Description
Bug description
In v1.9, a model's validation_epoch_end()
gets called before a Callback's on_validation_epoch_end()
, but in v2.0, a model's on_validation_epoch_end()
gets called after a Callback's on_validation_epoch_end()
.
In my use case, which worked under v1.9, there is a Callback that implements on_validation_epoch_end()
where it reads the validation metric from trainer.logged_metrics
, which has been updated with the validation metric by the model's validation_epoch_end()
. It then checks whether there has been an improvement and logs that. In v2.0, this approach no longer works as the invocation order has changed.

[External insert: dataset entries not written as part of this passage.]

(* Consider the MTGC algorithm described in the context. Suppose (A1) every $F_i$ is differentiable and $L$-smooth; (A2) stochastic gradients are unbiased with variance at most $\sigma^2$; and $\gamma\le\frac{1}{2HL}$. Then for every global round $t$, $$\mathbb E f(\bar{\boldsymbol x}^{t+1})\le\mathbb Ef(\bar{\boldsymbol x}^t)-\frac{\gamma H}{2}\sum_{e=0}^{E-1}\mathbb E\|\nabla f(\hat{\boldsymbol x}^{t,e})\|^2+\gamma L^2H(Q_t+D_t)+\gamma^2LEH\frac{1}{N^2}\sum_{j=1}^N\frac1{n_j}\sigma^2.$$
   Context: Setting: $N$ groups; group $j$ has a set $\mathcal C_j$ of $n_j\ge1$ clients, sets pairwise disjoint. Client $i$ has distribution $\mathcal D_i$, stochastic loss $F_i(\boldsymbol x,\xi)$, $F_i(\boldsymbol x)=\mathbb E_{\xi\sim\mathcal D_i}F_i(\boldsymbol x,\xi)$; $f_j=\frac1{n_j}\sum_{i\in\mathcal C_j}F_i$, $f=\frac1N\sum_jf_j$. For client $i$, $j$ denotes its group. (A1): $\|\nabla F_i(\boldsymbol x)-\nabla F_i(\boldsymbol y)\|\le L\|\boldsymbol x-\boldsymbol y\|$ for all $\boldsymbol x,\boldsymbol y,i$. (A2): $\mathbb E_{\xi\sim\mathcal D_i}\nabla F_i(\boldsymbol x,\xi)=\nabla F_i(\boldsymbol x)$ and $\mathbb E_{\xi\sim\mathcal D_i}\|\nabla F_i(\boldsymbol x,\xi)-\nabla F_i(\boldsymbol x)\|^2\le\sigma^2$ for all $\boldsymbol x,i$. MTGC: initial $\bar{\boldsymbol x}^0$, integers $E,H\ge1$, $\gamma>0$; samples $\xi_{i,h}^{t,e}\sim\mathcal D_i$ fresh and independent of the past. $\boldsymbol y_j^0=-\frac1{n_j}\sum_{i\in\mathcal C_j}\nabla F_i(\bar{\boldsymbol x}^0,\xi_{i,0}^{0,0})+\frac1N\sum_{j'}\frac1{n_{j'}}\sum_{i\in\mathcal C_{j'}}\nabla F_i(\bar{\boldsymbol x}^0,\xi_{i,0}^{0,0})$. For each $t\ge0$: $\bar{\boldsymbol x}_j^{t,0}=\bar{\boldsymbol x}^t$; $\boldsymbol z_i^{t,0}=-\nabla F_i(\bar{\boldsymbol x}^t,\xi_{i,0}^{t,0})+\frac1{n_j}\sum_{i'\in\mathcal C_j}\nabla F_{i'}(\bar{\boldsymbol x}^t,\xi_{i',0}^{t,0})$; for $e=0,\dots,E-1$: $\boldsymbol x_{i,0}^{t,e}=\bar{\boldsymbol x}_j^{t,e}$, $\boldsymbol x_{i,h+1}^{t,e}=\boldsymbol x_{i,h}^{t,e}-\gamma(\nabla F_i(\boldsymbol x_{i,h}^{t,e},\xi_{i,h}^{t,e})+\boldsymbol z_i^{t,e}+\boldsymbol y_j^t)$ for $h=0,\dots,H-1$, $\bar{\boldsymbol x}_j^{t,e+1}=\frac1{n_j}\sum_{i\in\mathcal C_j}\boldsymbol x_{i,H}^{t,e}$, $\boldsymbol z_i^{t,e+1}=\boldsymbol z_i^{t,e}+\frac1{H\gamma}(\boldsymbol x_{i,H}^{t,e}-\bar{\boldsymbol x}_j^{t,e+1})$; then $\bar{\boldsymbol x}^{t+1}=\frac1N\sum_j\bar{\boldsymbol x}_j^{t,E}$, $\boldsymbol y_j^{t+1}=\boldsymbol y_j^t+\frac1{HE\gamma}(\bar{\boldsymbol x}_j^{t,E}-\bar{\boldsymbol x}^{t+1})$. $\mathbb E$ is over all randomness. Notation: $\hat{\boldsymbol x}^{t,e}=\frac1N\sum_{j=1}^N\bar{\boldsymbol x}_j^{t,e}$; $D_t=\sum_{e=0}^{E-1}\frac1N\sum_{j=1}^N\mathbb E\|\hat{\boldsymbol x}^{t,e}-\bar{\boldsymbol x}_j^{t,e}\|^2$; $Q_t=\sum_{e=0}^{E-1}\frac{1}{NH}\sum_{j=1}^N\frac1{n_j}\sum_{i\in\mathcal C_j}\sum_{h=0}^{H-1}\mathbb E\|\bar{\boldsymbol x}_j^{t,e}-\boldsymbol x_{i,h}^{t,e}\|^2$. *)

theory Defs
  imports "HOL-Probability.Probability"
begin

text \<open>Groups are indexed by j < N; group j has client set C j. Clients live in a type 'c.\<close>

definition grp :: "(nat \<Rightarrow> 'c set) \<Rightarrow> nat \<Rightarrow> 'c \<Rightarrow> nat" where
  "grp C N i = (THE j. j < N \<and> i \<in> C j)"

definition avgC :: "(nat \<Rightarrow> 'c set) \<Rightarrow> nat \<Rightarrow> ('c \<Rightarrow> 'a::real_vector) \<Rightarrow> 'a" where
  "avgC C j g = (1 / real (card (C j))) *\<^sub>R (\<Sum>i\<in>C j. g i)"

definition avgN :: "nat \<Rightarrow> (nat \<Rightarrow> 'a::real_vector) \<Rightarrow> 'a" where
  "avgN N g = (1 / real N) *\<^sub>R (\<Sum>j<N. g j)"

definition fglob :: "(nat \<Rightarrow> 'c set) \<Rightarrow> nat \<Rightarrow> ('c \<Rightarrow> 'a \<Rightarrow> real) \<Rightarrow> 'a \<Rightarrow> real" where
  "fglob C N F x = avgN N (\<lambda>j. avgC C j (\<lambda>i. F i x))"

definition gradglob :: "(nat \<Rightarrow> 'c set) \<Rightarrow> nat \<Rightarrow> ('c \<Rightarrow> 'a \<Rightarrow> 'a::real_vector) \<Rightarrow> 'a \<Rightarrow> 'a" where
  "gradglob C N gF x = avgN N (\<lambda>j. avgC C j (\<lambda>i. gF i x))"

text \<open>Local steps of client i: sm h is the sample xi_{i,h}; x = start point, z, y = corrections.\<close>
primrec mtgc_local :: "('c \<Rightarrow> 'a::real_vector \<Rightarrow> 's \<Rightarrow> 'a) \<Rightarrow> real \<Rightarrow> 'c \<Rightarrow> (nat \<Rightarrow> 's)
    \<Rightarrow> 'a \<Rightarrow> 'a \<Rightarrow> 'a \<Rightarrow> nat \<Rightarrow> 'a" where
  "mtgc_local G \<gamma> i sm x z y 0 = x"
| "mtgc_local G \<gamma> i sm x z y (Suc h) =
     mtgc_local G \<gamma> i sm x z y h - \<gamma> *\<^sub>R (G i (mtgc_local G \<gamma> i sm x z y h) (sm h) + z + y)"

text \<open>Group rounds e within global round t; st e i h is the sample xi^{t,e}_{i,h};
  xb0 = global iterate at round t, y = the y_j^t. Returns (group iterates, z_i) at stage e.\<close>
primrec mtgc_inner :: "('c \<Rightarrow> 'a::real_vector \<Rightarrow> 's \<Rightarrow> 'a) \<Rightarrow> (nat \<Rightarrow> 'c set) \<Rightarrow> nat \<Rightarrow> real \<Rightarrow> nat
    \<Rightarrow> (nat \<Rightarrow> 'c \<Rightarrow> nat \<Rightarrow> 's) \<Rightarrow> 'a \<Rightarrow> (nat \<Rightarrow> 'a) \<Rightarrow> nat \<Rightarrow> (nat \<Rightarrow> 'a) \<times> ('c \<Rightarrow> 'a)" where
  "mtgc_inner G C N \<gamma> H st xb0 y 0 =
     ((\<lambda>j. xb0),
      (\<lambda>i. - G i xb0 (st 0 i 0) + avgC C (grp C N i) (\<lambda>i'. G i' xb0 (st 0 i' 0))))"
| "mtgc_inner G C N \<gamma> H st xb0 y (Suc e) =
     (let xb = fst (mtgc_inner G C N \<gamma> H st xb0 y e);
          z = snd (mtgc_inner G C N \<gamma> H st xb0 y e);
          xH = (\<lambda>i. mtgc_local G \<gamma> i (st e i) (xb (grp C N i)) (z i) (y (grp C N i)) H);
          xb' = (\<lambda>j. avgC C j xH)
      in (xb', (\<lambda>i. z i + (1 / (real H * \<gamma>)) *\<^sub>R (xH i - xb' (grp C N i)))))"

text \<open>Global rounds: returns (global iterate bar x^t, (y_j^t)_j). s t e i h is xi^{t,e}_{i,h}.\<close>
primrec mtgc_outer :: "('c \<Rightarrow> 'a::real_vector \<Rightarrow> 's \<Rightarrow> 'a) \<Rightarrow> (nat \<Rightarrow> 'c set) \<Rightarrow> nat \<Rightarrow> real \<Rightarrow> nat \<Rightarrow> nat
    \<Rightarrow> 'a \<Rightarrow> (nat \<Rightarrow> nat \<Rightarrow> 'c \<Rightarrow> nat \<Rightarrow> 's) \<Rightarrow> nat \<Rightarrow> 'a \<times> (nat \<Rightarrow> 'a)" where
  "mtgc_outer G C N \<gamma> H E x0 s 0 =
     (x0, (\<lambda>j. - avgC C j (\<lambda>i. G i x0 (s 0 0 i 0))
              + avgN N (\<lambda>j'. avgC C j' (\<lambda>i. G i x0 (s 0 0 i 0)))))"
| "mtgc_outer G C N \<gamma> H E x0 s (Suc t) =
     (let xb = fst (mtgc_outer G C N \<gamma> H E x0 s t);
          y = snd (mtgc_outer G C N \<gamma> H E x0 s t);
          xbE = fst (mtgc_inner G C N \<gamma> H (s t) xb y E);
          xn = avgN N xbE
      in (xn, (\<lambda>j. y j + (1 / (real H * real E * \<gamma>)) *\<^sub>R (xbE j - xn))))"

definition xbar where "xbar G C N \<gamma> H E x0 s t = fst (mtgc_outer G C N \<gamma> H E x0 s t)"
definition ybar where "ybar G C N \<gamma> H E x0 s t = snd (mtgc_outer G C N \<gamma> H E x0 s t)"
definition xbarj where "xbarj G C N \<gamma> H E x0 s t e j =
  fst (mtgc_inner G C N \<gamma> H (s t) (xbar G C N \<gamma> H E x0 s t) (ybar G C N \<gamma> H E x0 s t) e) j"
definition zz where "zz G C N \<gamma> H E x0 s t e i =
  snd (mtgc_inner G C N \<gamma> H (s t) (xbar G C N \<gamma> H E x0 s t) (ybar G C N \<gamma> H E x0 s t) e) i"
definition xloc where "xloc G C N \<gamma> H E x0 s t e i h =
  mtgc_local G \<gamma> i (s t e i) (xbarj G C N \<gamma> H E x0 s t e (grp C N i)) (zz G C N \<gamma> H E x0 s t e i)
    (ybar G C N \<gamma> H E x0 s t (grp C N i)) h"
definition xhat where "xhat G C N \<gamma> H E x0 s t e = avgN N (\<lambda>j. xbarj G C N \<gamma> H E x0 s t e j)"

definition spath :: "(nat \<Rightarrow> nat \<Rightarrow> 'c \<Rightarrow> nat \<Rightarrow> 'm \<Rightarrow> 's) \<Rightarrow> 'm \<Rightarrow> nat \<Rightarrow> nat \<Rightarrow> 'c \<Rightarrow> nat \<Rightarrow> 's" where
  "spath \<xi> \<omega> = (\<lambda>t e i h. \<xi> t e i h \<omega>)"

definition Dt where "Dt G C N \<gamma> H E x0 M \<xi> t =
  (\<Sum>e<E. (1 / real N) * (\<Sum>j<N.
     (\<integral>\<omega>. (norm (xhat G C N \<gamma> H E x0 (spath \<xi> \<omega>) t e - xbarj G C N \<gamma> H E x0 (spath \<xi> \<omega>) t e j))\<^sup>2 \<partial>M)))"

definition Qt where "Qt G C N \<gamma> H E x0 M \<xi> t =
  (\<Sum>e<E. (1 / (real N * real H)) * (\<Sum>j<N. (1 / real (card (C j))) * (\<Sum>i\<in>C j. \<Sum>h<H.
     (\<integral>\<omega>. (norm (xbarj G C N \<gamma> H E x0 (spath \<xi> \<omega>) t e j - xloc G C N \<gamma> H E x0 (spath \<xi> \<omega>) t e i h))\<^sup>2 \<partial>M))))"

end

(*
  The corrections z_i and y_j average to zero within each group and over the groups, so the
  virtual iterate xhat^{t,e}, the mean of the group iterates, moves by -gamma times the sum over
  the local steps of the averaged stochastic gradients. Applying the descent lemma of the
  L-smooth f to this step, the averaged stochastic gradient splits into the averaged true
  gradient at the local iterates and a noise term. By L-smoothness the former differs from
  grad f(xhat) by an amount controlled by the deviations D_t and Q_t, and the step-size
  condition 2 H L gamma <= 1 absorbs its contribution to the quadratic term. Each noise summand
  has zero mean given all earlier samples and variance at most sigma^2, so in expectation the
  cross term with grad f(xhat) vanishes and the squared noise is the weighted sum of the
  variances. Expectations are computed on the finite product of the sample distributions of
  rounds 0..t, which by independence is the joint law of the samples.
*)

theory Submission
  imports Defs
begin

section \<open>Smooth functions and averages\<close>

lemma lipschitz_gradient_descent:
  fixes F :: "'a::real_inner \<Rightarrow> real" and g :: "'a \<Rightarrow> 'a"
  assumes deriv: "\<And>x. GDERIV F x :> g x"
    and lip: "\<And>x y. norm (g x - g y) \<le> L * norm (x - y)"
  shows "F y \<le> F x + inner (g x) (y - x) + L / 2 * (norm (y - x))\<^sup>2"
proof -
  define d where "d = y - x"
  define \<phi> where "\<phi> s = F (x + s *\<^sub>R d) - s * inner (g x) d - L / 2 * s\<^sup>2 * (norm d)\<^sup>2" for s :: real
  have \<phi>_deriv: "DERIV \<phi> s :> inner d (g (x + s *\<^sub>R d)) - inner (g x) d - L * s * (norm d)\<^sup>2" for s
  proof -
    have line: "((\<lambda>s. x + s *\<^sub>R d) has_derivative (\<lambda>h. h *\<^sub>R d)) (at s)"
      by (auto intro!: derivative_eq_intros)
    have "(F has_derivative (\<lambda>h. inner h (g (x + s *\<^sub>R d)))) (at (x + s *\<^sub>R d))"
      using deriv[of "x + s *\<^sub>R d"] by (simp add: gderiv_def)
    from has_derivative_compose[OF line this]
    have "((\<lambda>s. F (x + s *\<^sub>R d)) has_derivative (\<lambda>h. inner (h *\<^sub>R d) (g (x + s *\<^sub>R d)))) (at s)"
      by (simp add: o_def)
    then have "DERIV (\<lambda>s. F (x + s *\<^sub>R d)) s :> inner d (g (x + s *\<^sub>R d))"
      by (simp add: has_field_derivative_def mult.commute[of _ "inner d _"])
    then show ?thesis unfolding \<phi>_def
      by (auto intro!: derivative_eq_intros simp: power2_eq_square)
  qed
  have "\<phi> 1 \<le> \<phi> 0"
  proof (rule DERIV_nonpos_imp_nonincreasing[of 0 1 \<phi>])
    fix s :: real assume s: "0 \<le> s" "s \<le> 1"
    have "inner d (g (x + s *\<^sub>R d)) - inner (g x) d = inner d (g (x + s *\<^sub>R d) - g x)"
      by (simp add: inner_diff_right inner_commute)
    also have "\<dots> \<le> norm d * norm (g (x + s *\<^sub>R d) - g x)"
      by (rule Cauchy_Schwarz_ineq2[THEN order_trans[OF abs_ge_self]])
    also have "\<dots> \<le> norm d * (L * norm (s *\<^sub>R d))"
      using lip[of "x + s *\<^sub>R d" x] by (intro mult_left_mono) auto
    also have "\<dots> = L * s * (norm d)\<^sup>2" using s by (simp add: power2_eq_square)
    finally show "\<exists>y. DERIV \<phi> s :> y \<and> y \<le> 0" using \<phi>_deriv[of s] by auto
  qed simp
  then show ?thesis unfolding \<phi>_def d_def by (simp add: algebra_simps)
qed

lemma lipschitz_constant_nonneg:
  fixes g :: "'a::euclidean_space \<Rightarrow> 'b::real_normed_vector"
  assumes "\<And>x y. norm (g x - g y) \<le> L * norm (x - y)"
  shows "0 \<le> L"
proof -
  obtain b :: 'a where "b \<in> Basis" using nonempty_Basis by blast
  then have "b \<noteq> 0" by auto
  have "0 \<le> norm (g b - g 0)" by simp
  also have "\<dots> \<le> L * norm b" using assms[of b 0] by simp
  finally show ?thesis using \<open>b \<noteq> 0\<close> by (simp add: zero_le_mult_iff)
qed

lemma norm_add_squared_le:
  fixes x y :: "'a::real_normed_vector"
  shows "(norm (x + y))\<^sup>2 \<le> 2 * (norm x)\<^sup>2 + 2 * (norm y)\<^sup>2"
proof -
  have "(norm (x + y))\<^sup>2 \<le> (norm x + norm y)\<^sup>2" by (intro power_mono norm_triangle_ineq) auto
  also have "\<dots> \<le> 2 * (norm x)\<^sup>2 + 2 * (norm y)\<^sup>2"
    using sum_squares_bound[of "norm x" "norm y"] by (simp add: power2_sum)
  finally show ?thesis .
qed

One workaround is to do all this in the model itself and skip the Callback. However, I prefer to do the improvement checking and logging in a Callback instead of in the model because the necessary member variables would be useless if the model is not used for training (e.g. used only for testing or inference). Also, using a callback is a cleaner and more modular approach.
For my use case, it may be helpful to be able to express the priorities of the callbacks relative to one another and to the model. There may also be other, simpler, solutions.
How to reproduce the bug
No response
Error messages and logs
# Error messages and logs here please
Environment
Current environment
#- Lightning Component (e.g. Trainer, LightningModule, LightningApp, LightningWork, LightningFlow):
#- PyTorch Lightning Version (e.g., 1.5.0):
#- Lightning App Version (e.g., 0.5.2):
#- PyTorch Version (e.g., 2.0):
#- Python version (e.g., 3.9):
#- OS (e.g., Linux):
#- CUDA/cuDNN version:
#- GPU models and configuration:
#- How you installed Lightning(`conda`, `pip`, source):
#- Running environment of LightningApp (e.g. local, cloud):
More info
No response